Now we turn to some floating-point examples.
       set c = 299972.458
       printf "%f %g %e\n" $c $c $c           # The three main codes
       299972.458000 299972 2.999725e+05
       printf "%.2f %.2g %.2e\n" $c $c $c     # As before but set a precision
       299972.46 3e+05 +3.00e+05
       printf "%12.2f %.2G %+.2E\n" $c $c $c  # Show the effect of some flags,
          299972.46 3.0E+05 +3.00E+05         # a width, and E and G codes

Finally we have some character examples of printf.

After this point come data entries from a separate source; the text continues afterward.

(* $\log\mathrm{Time}(s)\in O(\mathrm{Space}(s))$; that is, there is a constant $c$ such that for every term $s$ that reduces to an abstraction in at least one step, $\log\mathrm{Time}(s)\le c\cdot\mathrm{Space}(s)$.
   Context: $\mathsf{L}$-terms (de Bruijn): $s::=n\mid st\mid\lambda s$, size $|n|=1+n$, $|\lambda s|=1+|s|$, $|st|=1+|s|+|t|$. Substitution $k^k_u=u$, $n^k_u=n$ ($n\ne k$), $(st)^k_u=(s^k_u)(t^k_u)$, $(\lambda s)^k_u=\lambda(s^{k+1}_u)$. Reduction (deterministic): $(\lambda s)(\lambda t)\succ s^0_{\lambda t}$; $s\succ s'\Rightarrow st\succ s't$; $t\succ t'\Rightarrow(\lambda s)t\succ(\lambda s)t'$. If $s=s_0\succ\cdots\succ s_j$ with $s_j$ an abstraction, then $\mathrm{Time}(s)=j$ and $\mathrm{Space}(s)=\max_i|s_i|$. *)

theory Defs
  imports Complex_Main
begin

datatype lterm = Var nat | App lterm lterm | Lam lterm

fun tsize :: "lterm \<Rightarrow> nat" where
  "tsize (Var n) = 1 + n"
| "tsize (Lam s) = 1 + tsize s"
| "tsize (App s t) = 1 + tsize s + tsize t"

fun subst :: "lterm \<Rightarrow> nat \<Rightarrow> lterm \<Rightarrow> lterm" where
  "subst (Var n) k u = (if n = k then u else Var n)"
| "subst (App s t) k u = App (subst s k u) (subst t k u)"
| "subst (Lam s) k u = Lam (subst s (Suc k) u)"

inductive step :: "lterm \<Rightarrow> lterm \<Rightarrow> bool" where
  beta: "step (App (Lam s) (Lam t)) (subst s 0 (Lam t))"
| appL: "step s s' \<Longrightarrow> step (App s t) (App s' t)"
| appR: "step t t' \<Longrightarrow> step (App (Lam s) t) (App (Lam s) t')"

fun is_abs :: "lterm \<Rightarrow> bool" where
  "is_abs (Lam _) = True"
| "is_abs _ = False"

definition reduces_in :: "lterm \<Rightarrow> nat \<Rightarrow> (nat \<Rightarrow> lterm) \<Rightarrow> bool" where
  "reduces_in s j f \<longleftrightarrow> f 0 = s \<and> (\<forall>i<j. step (f i) (f (Suc i))) \<and> is_abs (f j)"

text \<open>Time(s): the (unique, by determinism) length of such a sequence.\<close>
definition Time :: "lterm \<Rightarrow> nat" where
  "Time s = (THE j. \<exists>f. reduces_in s j f)"

definition Space :: "lterm \<Rightarrow> nat" where
  "Space s = (THE m. \<exists>f. reduces_in s (Time s) f \<and> m = (MAX i\<in>{..Time s}. tsize (f i)))"

end

theory Submission
  imports Defs
begin

text \<open>Reduction is deterministic, so a terminating reduction sequence visits pairwise distinct
  terms; all of them have size at most \<open>Space s\<close>. Encoding terms injectively as words of length
  \<open>tsize\<close> over a four-letter alphabet shows that there are fewer than \<open>4 ^ (m + 1)\<close> terms of size
  at most \<open>m\<close>, hence \<open>Time s < 4 ^ (Space s + 1)\<close> and \<open>log 2 (Time s) \<le> 4 * Space s\<close>.\<close>

lemma abs_no_step: "is_abs x \<Longrightarrow> \<not> step x y"
  by (cases x) (auto elim: step.cases)

lemma Lam_no_step [simp]: "\<not> step (Lam s) y"
  by (simp add: abs_no_step)

inductive_cases step_AppE: "step (App s t) u"

lemma step_deterministic: "step a b \<Longrightarrow> step a c \<Longrightarrow> b = c"
proof (induction arbitrary: c rule: step.induct)
  case (beta s t)
  then show ?case by (auto elim: step_AppE)
next
  case (appL s s' t)
  from appL.prems show ?case
  proof (rule step_AppE)
    fix s'' assume "c = App s'' t" "step s s''"
    then show ?thesis using appL.IH by simp
  qed (use appL.hyps in auto)
next
  case (appR t t' s)
  from appR.prems show ?case
  proof (rule step_AppE)
    fix t'' s'' assume "Lam s = Lam s''" "c = App (Lam s'') t''" "step t t''"
    then show ?thesis using appR.IH by simp
  qed (use appR.hyps in auto)
qed

lemma reduces_in_agree:
  assumes "reduces_in s j f" "reduces_in s j' g" "i \<le> j" "i \<le> j'"
  shows "f i = g i"
  using assms(3,4)
proof (induction i)
  case 0
  then show ?case using assms(1,2) by (simp add: reduces_in_def)
next
  case (Suc i)
  have "step (f i) (f (Suc i))" "step (g i) (g (Suc i))"
    using assms(1,2) Suc.prems by (auto simp: reduces_in_def)
  with Suc show ?case by (metis Suc_leD step_deterministic)
qed

lemma reduces_in_length_unique:
  assumes f: "reduces_in s j f" and g: "reduces_in s j' g"
  shows "j = j'"
proof -
  have "\<not> j < j'" if "reduces_in s j f" "reduces_in s j' g" for j j' f g
  proof
    assume "j < j'"
    then have "f j = g j" "step (g j) (g (Suc j))"
      using reduces_in_agree[OF that] that(2) by (auto simp: reduces_in_def)
    then show False using that(1) abs_no_step by (metis reduces_in_def)
  qed
  then show ?thesis using f g by (meson linorder_neqE_nat)
qed

lemma Time_eq: "reduces_in s j f \<Longrightarrow> Time s = j"
  unfolding Time_def using reduces_in_length_unique by blast

lemma Space_eq:
  assumes f: "reduces_in s j f"
  shows "Space s = (MAX i\<in>{..j}. tsize (f i))"
  unfolding Space_def Time_eq[OF f]
proof (rule the_equality)
  show "\<exists>g. reduces_in s j g \<and> (MAX i\<in>{..j}. tsize (f i)) = (MAX i\<in>{..j}. tsize (g i))"
    using f by blast
next
  fix m assume "\<exists>g. reduces_in s j g \<and> m = (MAX i\<in>{..j}. tsize (g i))"
  then obtain g where g: "reduces_in s j g" and m: "m = (MAX i\<in>{..j}. tsize (g i))" by blast
  have "g i = f i" if "i \<in> {..j}" for i
    using reduces_in_agree[OF g f] that by simp
  then show "m = (MAX i\<in>{..j}. tsize (f i))"
    unfolding m by (metis (no_types, lifting) image_cong)
qed

text \<open>If \<open>f a = f b\<close> with \<open>a < b\<close>, cutting out the loop between \<open>a\<close> and \<open>b\<close> yields a shorter
  reduction sequence, contradicting uniqueness of the length.\<close>

lemma reduces_in_inj_on:
  assumes f: "reduces_in s j f"
  shows "inj_on f {..j}"
proof -
  have "f a \<noteq> f b" if ab: "a < b" "b \<le> j" for a b
  proof
    assume loop: "f a = f b"
    define g where "g i = f (if i < a then i else i + (b - a))" for i
    have "reduces_in s (j - (b - a)) g"
      unfolding reduces_in_def
    proof (intro conjI allI impI)
      show "g 0 = s"
        using f loop by (auto simp: g_def reduces_in_def)
      show "is_abs (g (j - (b - a)))"
        using f ab by (auto simp: g_def reduces_in_def)
      fix i assume i: "i < j - (b - a)"
      have "g (Suc i) = f (Suc i)" if "i < a"
      proof (cases "Suc i < a")
        case False
        with that have "Suc i = a" by simp
        with ab loop show ?thesis by (simp add: g_def)
      qed (simp add: g_def)
      then show "step (g i) (g (Suc i))"
        using f i ab by (cases "i < a") (auto simp: g_def reduces_in_def)
    qed
    with f ab show False using reduces_in_length_unique by fastforce
  qed
  then show ?thesis
    by (intro inj_onI) (metis atMost_iff linorder_neqE_nat)
qed

function (sequential) code :: "lterm \<Rightarrow> nat list" where
  "code (Var 0) = [1]"
| "code (Var (Suc n)) = 0 # code (Var n)"
| "code (Lam s) = 2 # code s"
| "code (App s t) = 3 # code s @ code t"
  by pat_completeness auto
termination
  by (relation "measure tsize") auto

lemma tsize_pos: "0 < tsize t"
  by (cases t) auto

lemma length_code: "length (code t) = tsize t"
  by (induction t rule: code.induct) auto

lemma set_code: "set (code t) \<subseteq> {0..<4}"
  by (induction t rule: code.induct) auto

lemma code_append_eq: "code s @ r = code t @ r' \<Longrightarrow> s = t \<and> r = r'"
proof (induction s arbitrary: t r r' rule: code.induct)
  case 1
  then show ?case by (cases t rule: code.cases) auto
next
  case (2 n)
  then show ?case by (cases t rule: code.cases) auto
next
  case (3 s)
  then show ?case by (cases t rule: code.cases) auto
next
  case (4 a b)
  from "4.prems" obtain c d where t: "t = App c d"
    by (cases t rule: code.cases) auto
  with "4.prems" have "code a @ (code b @ r) = code c @ (code d @ r')" by simp
  with "4.IH"(1) have "a = c" "code b @ r = code d @ r'" by blast+
  with "4.IH"(2) t show ?case by blast
qed

lemma inj_code: "inj code"
  by (rule injI) (use code_append_eq[where r="[]" and r'="[]"] in auto)

lemma sum_power_le_power_Suc: "2 \<le> (b::nat) \<Longrightarrow> (\<Sum>i\<le>m. b ^ i) \<le> b ^ Suc m"
proof (induction m)
  case (Suc m)
  have "b ^ Suc m + b ^ Suc m \<le> b * b ^ Suc m"
    using Suc.prems mult_le_mono1[of 2 b "b ^ Suc m"] by (simp only: mult_2)
  with Suc show ?case by simp
qed simp

lemma code_tsize_le_subset: "code ` {t. tsize t \<le> m} \<subseteq> {w. set w \<subseteq> {0..<4} \<and> length w \<le> m}"
  using length_code set_code by auto

lemma finite_tsize_le: "finite {t. tsize t \<le> m}"
proof (rule finite_imageD)
  show "finite (code ` {t. tsize t \<le> m})"
    by (rule finite_subset[OF code_tsize_le_subset]) (simp add: finite_lists_length_le)
  show "inj_on code {t. tsize t \<le> m}"
    using inj_code by (rule inj_on_subset) simp
qed

lemma card_tsize_le: "card {t. tsize t \<le> m} \<le> 4 ^ Suc m"
proof -
  have "card {t. tsize t \<le> m} = card (code ` {t. tsize t \<le> m})"
    using inj_code by (simp add: card_image inj_on_subset)
  also have "\<dots> \<le> card {w. set w \<subseteq> {0..<4::nat} \<and> length w \<le> m}"
    by (rule card_mono[OF _ code_tsize_le_subset]) (simp add: finite_lists_length_le)
  also have "\<dots> = (\<Sum>i\<le>m. 4 ^ i)"
    by (simp add: card_lists_length_le)
  also have "\<dots> \<le> 4 ^ Suc m"
    by (rule sum_power_le_power_Suc) simp
  finally show ?thesis .
qed

lemma Time_less_pow_Space:
  assumes f: "reduces_in s j f"
  shows "Time s < 4 ^ Suc (Space s)"
proof -
  let ?m = "Space s"
  have sub: "f ` {..j} \<subseteq> {t. tsize t \<le> ?m}"
    using Space_eq[OF f] by auto
  have "Suc j = card (f ` {..j})"
    using reduces_in_inj_on[OF f] by (simp add: card_image)
  also have "\<dots> \<le> card {t. tsize t \<le> ?m}"
    by (rule card_mono[OF finite_tsize_le sub])
  also have "\<dots> \<le> 4 ^ Suc ?m"
    by (rule card_tsize_le)
  finally show ?thesis
    using Time_eq[OF f] by simp
qed

lemma Space_pos:
  assumes f: "reduces_in s j f"
  shows "0 < Space s"
proof -
  have "tsize (f 0) \<le> Space s"
    using Space_eq[OF f] by (simp add: Max_ge_iff)
  then show ?thesis
    using tsize_pos order.strict_trans2 by blast
qed

theorem theorem21:
  shows "\<exists>c::real. \<forall>s j f. reduces_in s j f \<and> j \<ge> 1 \<longrightarrow>
           log 2 (real (Time s)) \<le> c * real (Space s)"
proof (intro exI allI impI)
  fix s j f assume "reduces_in s j f \<and> j \<ge> 1"
  then have f: "reduces_in s j f" and T: "Time s \<ge> 1"
    using Time_eq by auto
  have "Time s < 2 ^ (2 * Suc (Space s))"
    using Time_less_pow_Space[OF f] by (simp add: power_mult)
  then have "log 2 (real (Time s)) < real (2 * Suc (Space s))"
    using T by (intro log2_of_power_less) simp_all
  also have "\<dots> \<le> 4 * real (Space s)"
    using Space_pos[OF f] by simp
  finally show "log 2 (real (Time s)) \<le> 4 * real (Space s)"
    by simp
qed

end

       set system = Wavelength
       set confid = 95
       set ndf = m31
       set acol = 12
       set dp = 2
  
       printf "Confidence limit %d%% in the %s system\n" $confid $system
       Confidence limit 95% in the Wavelength system  # Simple case, percentage sign
       printf "Confidence limit %f.1%% in the %.4s system\n" $confid $system
       Confidence limit 95.0% in the Wave system      # Truncates to four characters
       set heading = ‘printf "%10s: %s\n%10s: %s\n\n" "system" $system "file" $ndf‘
       echo $heading                                  # Aligned output, saved to a
           system: Wavelength                         # variable
             file: m31
  
       printf "%*s: %s\n%*s: %.*f\n\n" $acol "system" \
              $system $acol "confidence" 2 $confid
             system: Wavelength                       # Aligned output with a variable
         confidence: 95.00                            # width and precision
  
       set heading = ""                               # Form a heading by appending to
       foreach k ( $keywords )                        # variable in a loop.  Note the
          set heading = $heading ‘printf "%8s  " $k‘  # absence of \n.
       end
       echo ‘printf "%s\n" $heading

Note that there are different implementations. While you can check your system’s man pages that the desired feature is present, a better way is to experiment on the command line.